▶ _What to do_: Go over each line of the entries below, count those with "thesis", and give only the count.

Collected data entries
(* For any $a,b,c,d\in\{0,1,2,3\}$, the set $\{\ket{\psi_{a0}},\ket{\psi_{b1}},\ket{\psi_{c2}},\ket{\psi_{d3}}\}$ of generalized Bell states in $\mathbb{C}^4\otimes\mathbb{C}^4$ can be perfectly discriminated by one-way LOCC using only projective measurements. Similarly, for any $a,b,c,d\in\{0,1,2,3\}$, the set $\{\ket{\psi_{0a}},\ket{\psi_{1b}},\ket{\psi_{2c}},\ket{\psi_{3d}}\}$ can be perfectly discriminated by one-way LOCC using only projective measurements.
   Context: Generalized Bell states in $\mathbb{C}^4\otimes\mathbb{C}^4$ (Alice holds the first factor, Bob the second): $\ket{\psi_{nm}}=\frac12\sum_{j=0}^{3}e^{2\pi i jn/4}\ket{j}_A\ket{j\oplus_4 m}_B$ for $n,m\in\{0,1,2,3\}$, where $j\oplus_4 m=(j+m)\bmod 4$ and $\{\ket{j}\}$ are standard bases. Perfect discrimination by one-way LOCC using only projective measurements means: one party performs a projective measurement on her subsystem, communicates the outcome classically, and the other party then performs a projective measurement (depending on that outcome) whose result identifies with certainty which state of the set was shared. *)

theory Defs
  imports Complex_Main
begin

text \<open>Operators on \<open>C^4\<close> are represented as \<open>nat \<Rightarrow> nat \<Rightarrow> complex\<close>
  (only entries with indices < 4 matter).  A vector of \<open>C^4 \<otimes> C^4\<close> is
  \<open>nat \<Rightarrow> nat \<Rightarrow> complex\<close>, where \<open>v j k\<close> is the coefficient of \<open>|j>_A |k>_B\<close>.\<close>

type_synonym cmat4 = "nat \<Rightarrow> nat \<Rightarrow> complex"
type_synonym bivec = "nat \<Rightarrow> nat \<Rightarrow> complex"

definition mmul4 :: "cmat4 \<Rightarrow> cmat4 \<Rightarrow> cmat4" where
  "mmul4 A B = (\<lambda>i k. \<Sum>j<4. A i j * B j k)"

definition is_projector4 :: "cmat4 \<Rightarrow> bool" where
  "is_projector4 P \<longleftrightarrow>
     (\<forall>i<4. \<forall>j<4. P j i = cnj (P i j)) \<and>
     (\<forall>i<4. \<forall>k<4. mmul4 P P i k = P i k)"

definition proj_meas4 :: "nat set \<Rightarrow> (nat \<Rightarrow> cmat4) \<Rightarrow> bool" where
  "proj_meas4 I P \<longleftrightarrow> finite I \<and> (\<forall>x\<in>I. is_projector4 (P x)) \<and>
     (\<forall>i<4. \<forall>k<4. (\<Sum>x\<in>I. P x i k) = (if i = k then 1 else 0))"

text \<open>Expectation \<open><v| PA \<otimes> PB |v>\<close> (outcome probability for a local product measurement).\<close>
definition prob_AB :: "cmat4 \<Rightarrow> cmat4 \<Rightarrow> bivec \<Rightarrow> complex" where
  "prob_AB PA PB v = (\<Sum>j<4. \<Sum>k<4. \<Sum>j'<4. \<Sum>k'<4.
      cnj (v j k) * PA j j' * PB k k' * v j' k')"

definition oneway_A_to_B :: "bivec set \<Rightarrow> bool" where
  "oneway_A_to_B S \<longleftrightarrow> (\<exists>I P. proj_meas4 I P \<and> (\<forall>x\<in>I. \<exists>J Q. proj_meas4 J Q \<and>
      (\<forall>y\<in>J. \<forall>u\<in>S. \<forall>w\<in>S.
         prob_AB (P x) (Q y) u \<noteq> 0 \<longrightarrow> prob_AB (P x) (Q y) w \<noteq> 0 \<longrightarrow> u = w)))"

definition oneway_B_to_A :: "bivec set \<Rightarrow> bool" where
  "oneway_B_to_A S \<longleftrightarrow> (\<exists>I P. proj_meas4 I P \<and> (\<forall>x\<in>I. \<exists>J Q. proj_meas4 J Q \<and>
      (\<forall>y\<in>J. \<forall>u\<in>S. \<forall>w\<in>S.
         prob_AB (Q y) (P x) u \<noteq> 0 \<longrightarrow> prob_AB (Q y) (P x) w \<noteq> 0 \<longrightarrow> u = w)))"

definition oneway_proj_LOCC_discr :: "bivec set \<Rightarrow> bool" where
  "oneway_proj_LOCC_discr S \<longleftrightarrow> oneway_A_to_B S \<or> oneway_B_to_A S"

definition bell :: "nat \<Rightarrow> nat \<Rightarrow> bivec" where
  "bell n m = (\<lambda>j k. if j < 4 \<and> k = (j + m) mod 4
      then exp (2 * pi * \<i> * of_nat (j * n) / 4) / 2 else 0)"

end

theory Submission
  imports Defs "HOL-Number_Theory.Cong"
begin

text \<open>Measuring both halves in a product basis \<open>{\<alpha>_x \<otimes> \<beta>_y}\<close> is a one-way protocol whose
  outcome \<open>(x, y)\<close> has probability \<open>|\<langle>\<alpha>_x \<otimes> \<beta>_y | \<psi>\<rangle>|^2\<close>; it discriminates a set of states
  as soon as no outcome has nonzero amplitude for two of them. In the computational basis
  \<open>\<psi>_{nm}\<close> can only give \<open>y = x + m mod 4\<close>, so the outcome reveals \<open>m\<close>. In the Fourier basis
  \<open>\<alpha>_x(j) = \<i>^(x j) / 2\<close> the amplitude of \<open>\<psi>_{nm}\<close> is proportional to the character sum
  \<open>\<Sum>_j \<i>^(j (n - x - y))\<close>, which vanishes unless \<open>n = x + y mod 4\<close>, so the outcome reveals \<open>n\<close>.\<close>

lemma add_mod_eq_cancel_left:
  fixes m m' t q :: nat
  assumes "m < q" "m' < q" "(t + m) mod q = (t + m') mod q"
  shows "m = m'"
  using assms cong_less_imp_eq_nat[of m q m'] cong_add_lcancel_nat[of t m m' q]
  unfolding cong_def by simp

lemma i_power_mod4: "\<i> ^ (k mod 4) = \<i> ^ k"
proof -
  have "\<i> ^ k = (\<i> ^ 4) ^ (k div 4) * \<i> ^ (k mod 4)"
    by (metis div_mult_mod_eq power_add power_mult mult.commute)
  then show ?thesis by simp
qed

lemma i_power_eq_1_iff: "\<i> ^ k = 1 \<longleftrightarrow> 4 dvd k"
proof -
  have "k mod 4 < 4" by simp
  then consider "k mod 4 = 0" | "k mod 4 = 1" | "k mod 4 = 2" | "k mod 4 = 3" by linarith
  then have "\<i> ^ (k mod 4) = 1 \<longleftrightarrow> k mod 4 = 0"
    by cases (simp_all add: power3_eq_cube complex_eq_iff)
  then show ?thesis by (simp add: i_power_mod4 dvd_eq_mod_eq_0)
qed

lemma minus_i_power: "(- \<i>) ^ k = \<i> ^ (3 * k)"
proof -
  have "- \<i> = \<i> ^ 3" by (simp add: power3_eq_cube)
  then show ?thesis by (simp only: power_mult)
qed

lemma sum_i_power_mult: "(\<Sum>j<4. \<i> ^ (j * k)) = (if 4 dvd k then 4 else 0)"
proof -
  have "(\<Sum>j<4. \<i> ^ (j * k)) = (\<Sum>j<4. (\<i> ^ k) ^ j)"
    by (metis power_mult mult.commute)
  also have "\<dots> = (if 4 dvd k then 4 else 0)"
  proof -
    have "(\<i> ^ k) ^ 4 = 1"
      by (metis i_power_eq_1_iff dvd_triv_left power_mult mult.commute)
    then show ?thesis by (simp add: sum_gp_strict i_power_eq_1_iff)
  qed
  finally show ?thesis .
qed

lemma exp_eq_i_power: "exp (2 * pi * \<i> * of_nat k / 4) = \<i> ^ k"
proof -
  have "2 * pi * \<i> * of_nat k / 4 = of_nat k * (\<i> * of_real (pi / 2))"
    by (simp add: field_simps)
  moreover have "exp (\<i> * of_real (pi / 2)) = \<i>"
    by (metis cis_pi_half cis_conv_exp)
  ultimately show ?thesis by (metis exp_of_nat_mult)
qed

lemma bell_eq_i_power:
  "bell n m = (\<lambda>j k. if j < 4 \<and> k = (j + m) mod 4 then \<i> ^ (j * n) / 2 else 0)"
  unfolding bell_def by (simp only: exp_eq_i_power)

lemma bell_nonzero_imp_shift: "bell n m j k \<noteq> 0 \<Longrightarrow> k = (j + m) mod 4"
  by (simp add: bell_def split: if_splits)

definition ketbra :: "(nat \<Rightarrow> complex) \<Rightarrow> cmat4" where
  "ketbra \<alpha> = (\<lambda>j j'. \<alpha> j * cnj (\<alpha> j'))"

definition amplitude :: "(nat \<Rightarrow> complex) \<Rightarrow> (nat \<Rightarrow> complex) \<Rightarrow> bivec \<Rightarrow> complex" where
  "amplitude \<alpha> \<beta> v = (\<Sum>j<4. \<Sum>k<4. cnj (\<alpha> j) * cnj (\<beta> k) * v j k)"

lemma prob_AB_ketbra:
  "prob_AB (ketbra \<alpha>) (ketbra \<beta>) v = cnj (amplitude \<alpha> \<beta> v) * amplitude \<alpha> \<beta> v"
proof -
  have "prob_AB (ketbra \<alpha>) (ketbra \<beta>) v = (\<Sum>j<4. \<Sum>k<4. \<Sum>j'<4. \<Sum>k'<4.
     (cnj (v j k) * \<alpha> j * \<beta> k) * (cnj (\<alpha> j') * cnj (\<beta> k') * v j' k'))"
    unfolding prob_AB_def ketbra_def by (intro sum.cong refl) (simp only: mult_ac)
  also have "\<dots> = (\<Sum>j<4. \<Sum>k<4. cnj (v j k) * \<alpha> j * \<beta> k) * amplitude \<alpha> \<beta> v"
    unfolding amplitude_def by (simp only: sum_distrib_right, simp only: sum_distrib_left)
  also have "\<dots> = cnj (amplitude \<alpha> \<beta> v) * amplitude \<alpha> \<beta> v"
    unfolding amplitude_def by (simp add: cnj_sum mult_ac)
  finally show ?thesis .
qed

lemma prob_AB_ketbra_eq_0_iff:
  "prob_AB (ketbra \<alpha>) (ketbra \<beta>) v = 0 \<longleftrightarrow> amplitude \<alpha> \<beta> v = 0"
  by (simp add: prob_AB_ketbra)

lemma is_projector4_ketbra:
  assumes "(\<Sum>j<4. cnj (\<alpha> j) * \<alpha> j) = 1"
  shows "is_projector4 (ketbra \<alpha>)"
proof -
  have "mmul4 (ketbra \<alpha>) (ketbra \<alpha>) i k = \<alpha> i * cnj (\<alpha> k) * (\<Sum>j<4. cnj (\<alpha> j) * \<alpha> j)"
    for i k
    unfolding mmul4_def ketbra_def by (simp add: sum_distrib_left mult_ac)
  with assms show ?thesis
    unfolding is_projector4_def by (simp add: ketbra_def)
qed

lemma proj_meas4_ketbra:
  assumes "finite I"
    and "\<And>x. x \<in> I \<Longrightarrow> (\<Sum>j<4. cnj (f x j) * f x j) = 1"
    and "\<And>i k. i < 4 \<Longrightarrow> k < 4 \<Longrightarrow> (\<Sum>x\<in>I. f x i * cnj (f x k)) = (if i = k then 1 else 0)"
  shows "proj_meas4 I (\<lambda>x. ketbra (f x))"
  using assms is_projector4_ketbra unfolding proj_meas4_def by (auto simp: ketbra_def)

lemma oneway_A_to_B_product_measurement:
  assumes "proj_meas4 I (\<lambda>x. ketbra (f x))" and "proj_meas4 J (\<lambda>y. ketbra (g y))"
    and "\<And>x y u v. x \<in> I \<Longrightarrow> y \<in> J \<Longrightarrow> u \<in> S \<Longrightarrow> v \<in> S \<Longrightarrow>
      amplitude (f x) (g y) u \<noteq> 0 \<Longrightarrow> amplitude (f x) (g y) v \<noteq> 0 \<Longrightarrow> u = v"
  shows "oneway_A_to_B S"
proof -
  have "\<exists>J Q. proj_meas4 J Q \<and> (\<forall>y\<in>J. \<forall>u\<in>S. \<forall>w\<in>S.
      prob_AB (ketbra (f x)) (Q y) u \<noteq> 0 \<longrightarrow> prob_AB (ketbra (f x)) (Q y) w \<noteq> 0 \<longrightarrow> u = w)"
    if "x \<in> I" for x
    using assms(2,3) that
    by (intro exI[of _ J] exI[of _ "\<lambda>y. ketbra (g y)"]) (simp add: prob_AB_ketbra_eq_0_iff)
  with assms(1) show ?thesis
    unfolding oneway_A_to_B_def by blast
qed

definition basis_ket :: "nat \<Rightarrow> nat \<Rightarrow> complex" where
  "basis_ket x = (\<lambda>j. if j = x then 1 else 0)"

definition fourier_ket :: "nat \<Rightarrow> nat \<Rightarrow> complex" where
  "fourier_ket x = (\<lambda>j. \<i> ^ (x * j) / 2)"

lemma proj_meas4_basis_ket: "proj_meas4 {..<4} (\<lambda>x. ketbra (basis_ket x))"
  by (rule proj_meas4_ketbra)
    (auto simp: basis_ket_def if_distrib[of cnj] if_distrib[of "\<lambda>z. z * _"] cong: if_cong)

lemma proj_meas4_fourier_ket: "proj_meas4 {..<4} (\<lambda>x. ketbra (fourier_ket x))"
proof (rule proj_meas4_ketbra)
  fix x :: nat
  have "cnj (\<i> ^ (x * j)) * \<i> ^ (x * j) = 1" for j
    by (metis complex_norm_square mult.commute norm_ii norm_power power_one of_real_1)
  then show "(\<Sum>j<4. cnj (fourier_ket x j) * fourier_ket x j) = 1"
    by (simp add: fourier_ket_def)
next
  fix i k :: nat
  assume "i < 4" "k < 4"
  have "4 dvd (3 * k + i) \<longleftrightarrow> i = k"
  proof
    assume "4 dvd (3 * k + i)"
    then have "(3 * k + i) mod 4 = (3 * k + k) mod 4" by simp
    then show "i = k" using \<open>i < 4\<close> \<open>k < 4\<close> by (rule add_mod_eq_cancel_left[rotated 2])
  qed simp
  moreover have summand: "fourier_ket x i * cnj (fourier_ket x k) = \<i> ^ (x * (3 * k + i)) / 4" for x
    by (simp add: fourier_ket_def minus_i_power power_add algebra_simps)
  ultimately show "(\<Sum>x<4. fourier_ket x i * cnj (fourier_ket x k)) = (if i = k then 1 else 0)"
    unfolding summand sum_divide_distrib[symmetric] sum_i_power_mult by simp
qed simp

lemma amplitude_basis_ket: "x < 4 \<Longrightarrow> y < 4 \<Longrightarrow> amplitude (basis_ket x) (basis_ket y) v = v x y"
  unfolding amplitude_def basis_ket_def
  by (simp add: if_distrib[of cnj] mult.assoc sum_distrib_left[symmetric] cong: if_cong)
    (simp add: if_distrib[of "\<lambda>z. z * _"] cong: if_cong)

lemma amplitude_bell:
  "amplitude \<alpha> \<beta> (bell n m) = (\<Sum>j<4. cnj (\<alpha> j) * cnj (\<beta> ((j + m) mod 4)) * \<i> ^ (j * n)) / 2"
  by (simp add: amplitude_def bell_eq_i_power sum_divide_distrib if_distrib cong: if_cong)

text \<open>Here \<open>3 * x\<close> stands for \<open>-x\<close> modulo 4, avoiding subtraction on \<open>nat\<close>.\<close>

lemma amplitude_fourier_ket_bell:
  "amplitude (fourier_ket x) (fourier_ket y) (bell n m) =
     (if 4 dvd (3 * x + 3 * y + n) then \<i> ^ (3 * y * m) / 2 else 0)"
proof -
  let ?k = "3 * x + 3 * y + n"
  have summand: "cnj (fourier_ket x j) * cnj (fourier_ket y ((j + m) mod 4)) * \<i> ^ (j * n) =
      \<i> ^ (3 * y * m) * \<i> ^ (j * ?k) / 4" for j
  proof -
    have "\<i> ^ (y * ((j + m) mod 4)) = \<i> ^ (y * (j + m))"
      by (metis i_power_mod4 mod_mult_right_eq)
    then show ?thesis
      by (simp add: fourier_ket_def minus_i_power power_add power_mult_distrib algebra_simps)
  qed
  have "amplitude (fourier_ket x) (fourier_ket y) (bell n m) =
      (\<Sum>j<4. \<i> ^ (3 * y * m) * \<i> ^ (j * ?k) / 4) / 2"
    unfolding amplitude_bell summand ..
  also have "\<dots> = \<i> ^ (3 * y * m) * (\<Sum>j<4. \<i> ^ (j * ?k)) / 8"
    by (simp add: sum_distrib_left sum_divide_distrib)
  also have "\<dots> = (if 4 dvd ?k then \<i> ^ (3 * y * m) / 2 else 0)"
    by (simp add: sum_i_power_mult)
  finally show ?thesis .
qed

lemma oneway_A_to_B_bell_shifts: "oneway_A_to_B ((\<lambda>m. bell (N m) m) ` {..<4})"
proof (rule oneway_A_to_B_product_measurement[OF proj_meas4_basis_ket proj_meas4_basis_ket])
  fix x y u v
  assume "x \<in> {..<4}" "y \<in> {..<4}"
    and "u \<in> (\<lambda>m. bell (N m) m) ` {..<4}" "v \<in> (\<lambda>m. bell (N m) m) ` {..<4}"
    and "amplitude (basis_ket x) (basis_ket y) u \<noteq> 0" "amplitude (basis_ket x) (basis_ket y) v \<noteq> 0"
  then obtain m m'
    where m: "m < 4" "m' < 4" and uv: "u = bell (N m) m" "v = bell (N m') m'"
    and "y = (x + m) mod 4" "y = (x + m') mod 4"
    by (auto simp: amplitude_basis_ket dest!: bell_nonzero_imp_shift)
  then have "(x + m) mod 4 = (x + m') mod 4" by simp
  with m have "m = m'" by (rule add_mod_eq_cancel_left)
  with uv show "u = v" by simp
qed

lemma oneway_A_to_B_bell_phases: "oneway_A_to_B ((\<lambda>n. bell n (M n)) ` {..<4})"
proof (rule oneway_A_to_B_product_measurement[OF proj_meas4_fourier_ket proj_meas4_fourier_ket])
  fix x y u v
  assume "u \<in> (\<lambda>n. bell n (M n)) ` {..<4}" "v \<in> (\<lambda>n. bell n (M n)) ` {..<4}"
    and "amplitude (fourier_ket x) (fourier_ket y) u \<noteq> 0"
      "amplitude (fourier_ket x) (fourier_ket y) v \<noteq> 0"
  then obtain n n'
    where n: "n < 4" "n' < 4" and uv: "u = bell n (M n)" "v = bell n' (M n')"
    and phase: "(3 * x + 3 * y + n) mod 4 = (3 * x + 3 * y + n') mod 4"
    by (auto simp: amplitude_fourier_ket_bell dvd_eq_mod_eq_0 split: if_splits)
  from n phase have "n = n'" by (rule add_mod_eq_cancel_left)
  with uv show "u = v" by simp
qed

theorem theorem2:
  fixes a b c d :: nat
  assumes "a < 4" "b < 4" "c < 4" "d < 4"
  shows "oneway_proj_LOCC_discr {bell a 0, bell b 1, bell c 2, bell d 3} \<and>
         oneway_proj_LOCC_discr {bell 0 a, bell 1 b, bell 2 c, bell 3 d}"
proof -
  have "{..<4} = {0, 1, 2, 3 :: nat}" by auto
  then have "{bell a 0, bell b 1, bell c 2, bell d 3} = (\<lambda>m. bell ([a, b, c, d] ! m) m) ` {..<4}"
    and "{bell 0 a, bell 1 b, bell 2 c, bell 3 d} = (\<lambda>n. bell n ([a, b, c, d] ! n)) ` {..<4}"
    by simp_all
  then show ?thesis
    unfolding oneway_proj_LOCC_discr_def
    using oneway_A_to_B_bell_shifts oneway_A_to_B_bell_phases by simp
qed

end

▶ _Result of this task_: 12